DATA FOR REVIEW:
::::::::

section \<open>The linear systems with matrices \<open>B\<^sub>1\<^sub>2\<close> and \<open>B\<^sub>2\<^sub>2\<close>\<close>

text \<open>
  Coefficient sequences \<open>u, v\<close> of length \<open>N\<close> are stored as the vector
  \<open>(u\<^sub>N\<^sub>-\<^sub>1, v\<^sub>N\<^sub>-\<^sub>1, \<dots>, u\<^sub>0, v\<^sub>0)\<close>, matching the column order of \<open>B\<^sub>1\<^sub>2\<close> and \<open>B\<^sub>2\<^sub>2\<close>.
\<close>

definition interleave :: "nat \<Rightarrow> (nat \<Rightarrow> 'a) \<Rightarrow> (nat \<Rightarrow> 'a) \<Rightarrow> 'a vec" where
  "interleave N u v = vec (2*N) (\<lambda>c. if even c then u (N - Suc (c div 2)) else v (N - Suc (c div 2)))"

lemma interleave_carrier [simp]: "interleave N u v \<in> carrier_vec (2*N)"
  by (simp add: interleave_def)

lemma interleave_index:
  assumes "j < N"
  shows "interleave N u v $ (2*(N - Suc j)) = u j" "interleave N u v $ (2*(N - Suc j) + 1) = v j"
  using assms by (simp_all add: interleave_def)

lemma sum_lessThan_double: "(\<Sum>c<2*(N::nat). f c) = (\<Sum>i<N. f (2*i) + f (2*i+1))"
  by (induction N) (simp_all add: sum.distrib algebra_simps)

lemma mult_interleave_index:
  fixes M :: "'a :: comm_semiring_0 mat"
  assumes M: "M \<in> carrier_mat (2*N) (2*N)" and k: "k < 2*N"
    and even_col: "\<And>i. i < N \<Longrightarrow> M $$ (k, 2*i) = f (N - Suc i)"
    and odd_col: "\<And>i. i < N \<Longrightarrow> M $$ (k, 2*i+1) = g (N - Suc i)"
  shows "(M *\<^sub>v interleave N u v) $ k = (\<Sum>j<N. u j * f j + v j * g j)"
proof -
  have "(M *\<^sub>v interleave N u v) $ k = (\<Sum>c<2*N. M $$ (k,c) * interleave N u v $ c)"
    using M k by (simp add: scalar_prod_def row_def atLeast0LessThan interleave_def)
  also have "\<dots> = (\<Sum>i<N. M $$ (k,2*i) * interleave N u v $ (2*i)
      + M $$ (k,2*i+1) * interleave N u v $ (2*i+1))"
    by (rule sum_lessThan_double)
  also have "\<dots> = (\<Sum>i<N. u (N - Suc i) * f (N - Suc i) + v (N - Suc i) * g (N - Suc i))"
  proof (rule sum.cong)
    fix i assume "i \<in> {..<N}"
    then have "i < N" by simp
    then show "M $$ (k,2*i) * interleave N u v $ (2*i) + M $$ (k,2*i+1) * interleave N u v $ (2*i+1)
        = u (N - Suc i) * f (N - Suc i) + v (N - Suc i) * g (N - Suc i)"
      by (simp only: even_col odd_col) (simp add: interleave_def mult.commute)
  qed simp
  also have "\<dots> = (\<Sum>j<N. u j * f j + v j * g j)"
    by (rule sum.nat_diff_reindex)
  finally show ?thesis .
qed

lemma interleave_eq_zero:
  fixes M :: "'a :: idom mat"
  assumes M: "M \<in> carrier_mat (2*N) (2*N)" and det: "det M \<noteq> 0"
    and kernel: "M *\<^sub>v interleave N u v = 0\<^sub>v (2*N)" and j: "j < N"
  shows "u j = 0" "v j = 0"
proof -
  have "interleave N u v = 0\<^sub>v (2*N)"
    using det kernel det_0_iff_vec_prod_zero[OF M] interleave_carrier by blast
  moreover have "2*(N - Suc j) < 2*N" "2*(N - Suc j) + 1 < 2*N"
    using j by auto
  ultimately show "u j = 0" "v j = 0"
    using interleave_index[OF j, of u v] by (metis index_zero_vec(1))+
qed

lemma interleave_cramer:
  fixes M :: "'a :: field mat"
  assumes M: "M \<in> carrier_mat (2*N) (2*N)" and det: "det M \<noteq> 0"
    and system: "M *\<^sub>v interleave N u v = b" and c: "c < 2*N"
  shows "interleave N u v $ c = det (replace_col M b c) / det M"
proof -
  have "det (replace_col M b c) = interleave N u v $ c * det M"
    using cramer_lemma_mat[OF M interleave_carrier c, of u v] system by simp
  then show ?thesis using det by simp
qed

lemma matB12_carrier [simp]: "matB12 N lam p1 p2 \<in> carrier_mat (2*N) (2*N)"
  by (simp add: matB12_def)

lemma matB22_carrier [simp]: "matB22 N lam p1 p2 \<in> carrier_mat (2*N) (2*N)"
  by (simp add: matB22_def)

lemma matB12_mult_interleave:
  assumes "k < 2*N"
  shows "(matB12 N lam p1 p2 *\<^sub>v interleave N u v) $ k
    = (\<Sum>j<N. u j * lam k ^ (2*j) * p1 k + v j * lam k ^ (2*j+1) * p2 k)"
proof -
  have "2*N - 2 - 2*i = 2*(N - Suc i)" "2*N - (2*i+1) = 2*(N - Suc i) + 1" if "i < N" for i
    using that by auto
  then show ?thesis
    using assms by (subst mult_interleave_index[where f="\<lambda>j. lam k ^ (2*j) * p1 k"
        and g="\<lambda>j. lam k ^ (2*j+1) * p2 k"]) (simp_all add: matB12_def mult.assoc)
qed

lemma matB22_mult_interleave:
  assumes "k < 2*N"
  shows "(matB22 N lam p1 p2 *\<^sub>v interleave N u v) $ k
    = (\<Sum>j<N. u j * lam k ^ (2*j+1) * p1 k + v j * lam k ^ (2*j) * p2 k)"
proof -
  have "2*N - 1 - 2*i = 2*(N - Suc i) + 1" "2*N - 1 - (2*i+1) = 2*(N - Suc i)" if "i < N" for i
    using that by auto
  then show ?thesis
    using assms by (subst mult_interleave_index[where f="\<lambda>j. lam k ^ (2*j+1) * p1 k"
        and g="\<lambda>j. lam k ^ (2*j) * p2 k"]) (simp_all add: matB22_def mult.assoc)
qed

lemma matB12_system:
  assumes "\<And>k. k < 2*N \<Longrightarrow> (\<Sum>j<N. u j * lam k ^ (2*j) * p1 k + v j * lam k ^ (2*j+1) * p2 k) = b k"
  shows "matB12 N lam p1 p2 *\<^sub>v interleave N u v = vec (2*N) b"
proof (rule eq_vecI)
  fix k assume "k < dim_vec (vec (2*N) b)"
  then have k: "k < 2*N" by simp
  show "(matB12 N lam p1 p2 *\<^sub>v interleave N u v) $ k = vec (2*N) b $ k"
    by (simp only: matB12_mult_interleave[OF k] assms[OF k] index_vec[OF k])
qed (simp add: matB12_def)

lemma matB22_system:
  assumes "\<And>k. k < 2*N \<Longrightarrow> (\<Sum>j<N. u j * lam k ^ (2*j+1) * p1 k + v j * lam k ^ (2*j) * p2 k) = b k"
  shows "matB22 N lam p1 p2 *\<^sub>v interleave N u v = vec (2*N) b"
proof (rule eq_vecI)
  fix k assume "k < dim_vec (vec (2*N) b)"
  then have k: "k < 2*N" by simp
  show "(matB22 N lam p1 p2 *\<^sub>v interleave N u v) $ k = vec (2*N) b $ k"
    by (simp only: matB22_mult_interleave[OF k] assms[OF k] index_vec[OF k])
qed (simp add: matB22_def)

lemma matB11_replace_col:
  "matB11 N lam p1 p2 = replace_col (matB12 N lam p1 p2) (vec (2*N) (\<lambda>k. - (lam k ^ (2*N) * p1 k))) 1"
  by (rule eq_matI) (auto simp: matB11_def matB12_def replace_col_def)

lemma matB21_replace_col:
  "matB21 N lam p1 p2 = replace_col (matB22 N lam p1 p2) (vec (2*N) (\<lambda>k. - (lam k ^ (2*N) * p2 k))) 0"
  by (rule eq_matI) (auto simp: matB21_def matB22_def replace_col_def)

section \<open>Polynomials in \<open>\<lambda>\<^sup>2\<close>\<close>

text \<open>
  \<open>ext_coeff N A c\<close> extends the coefficient sequence \<open>A\<^sub>0, \<dots>, A\<^sub>N\<^sub>-\<^sub>1\<close> by the constant leading
  coefficient \<open>c\<close> at index \<open>N\<close> (\<open>c = 1\<close> on the diagonal of \<open>T\<close>, \<open>c = 0\<close> off it) and by zeros.
\<close>

definition ext_coeff ::
    "nat \<Rightarrow> (nat \<Rightarrow> real \<Rightarrow> real \<Rightarrow> complex) \<Rightarrow> complex \<Rightarrow> nat \<Rightarrow> real \<Rightarrow> real \<Rightarrow> complex" where
  "ext_coeff N A c n = (\<lambda>x t. if n < N then A n x t else if n = N then c else 0)"

definition coeff_poly ::
    "nat \<Rightarrow> (nat \<Rightarrow> real \<Rightarrow> real \<Rightarrow> complex) \<Rightarrow> complex \<Rightarrow> real \<Rightarrow> real \<Rightarrow> complex poly" where
  "coeff_poly N A c x t = (\<Sum>n<Suc N. monom (ext_coeff N A c n x t) n)"

lemma ext_coeff_apply: "ext_coeff N A c n x t = (if n < N then A n x t else if n = N then c else 0)"
  by (simp add: ext_coeff_def)

lemma ext_coeff_cases:
  "ext_coeff N A c n = (if n < N then A n else if n = N then (\<lambda>x t. c) else (\<lambda>x t. 0))"
  by (auto simp: ext_coeff_def)

lemma smooth2_ext_coeff: "(\<And>j. j < N \<Longrightarrow> smooth2 (A j)) \<Longrightarrow> smooth2 (ext_coeff N A c n)"
  by (simp add: ext_coeff_cases)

::::::::

WHAT THE TASK REQUIRES: Copy out, word for word, the part of the entries above that begins at the line with "qed (simp add: matB22_def)" and ends at the line with "by (rule eq_matI) (auto simp: matB21_def", including both.

ANSWER TO THIS EXERCISE:
qed (simp add: matB22_def)

lemma matB11_replace_col:
  "matB11 N lam p1 p2 = replace_col (matB12 N lam p1 p2) (vec (2*N) (\<lambda>k. - (lam k ^ (2*N) * p1 k))) 1"
  by (rule eq_matI) (auto simp: matB11_def matB12_def replace_col_def)

lemma matB21_replace_col:
  "matB21 N lam p1 p2 = replace_col (matB22 N lam p1 p2) (vec (2*N) (\<lambda>k. - (lam k ^ (2*N) * p2 k))) 0"
  by (rule eq_matI) (auto simp: matB21_def matB22_def replace_col_def)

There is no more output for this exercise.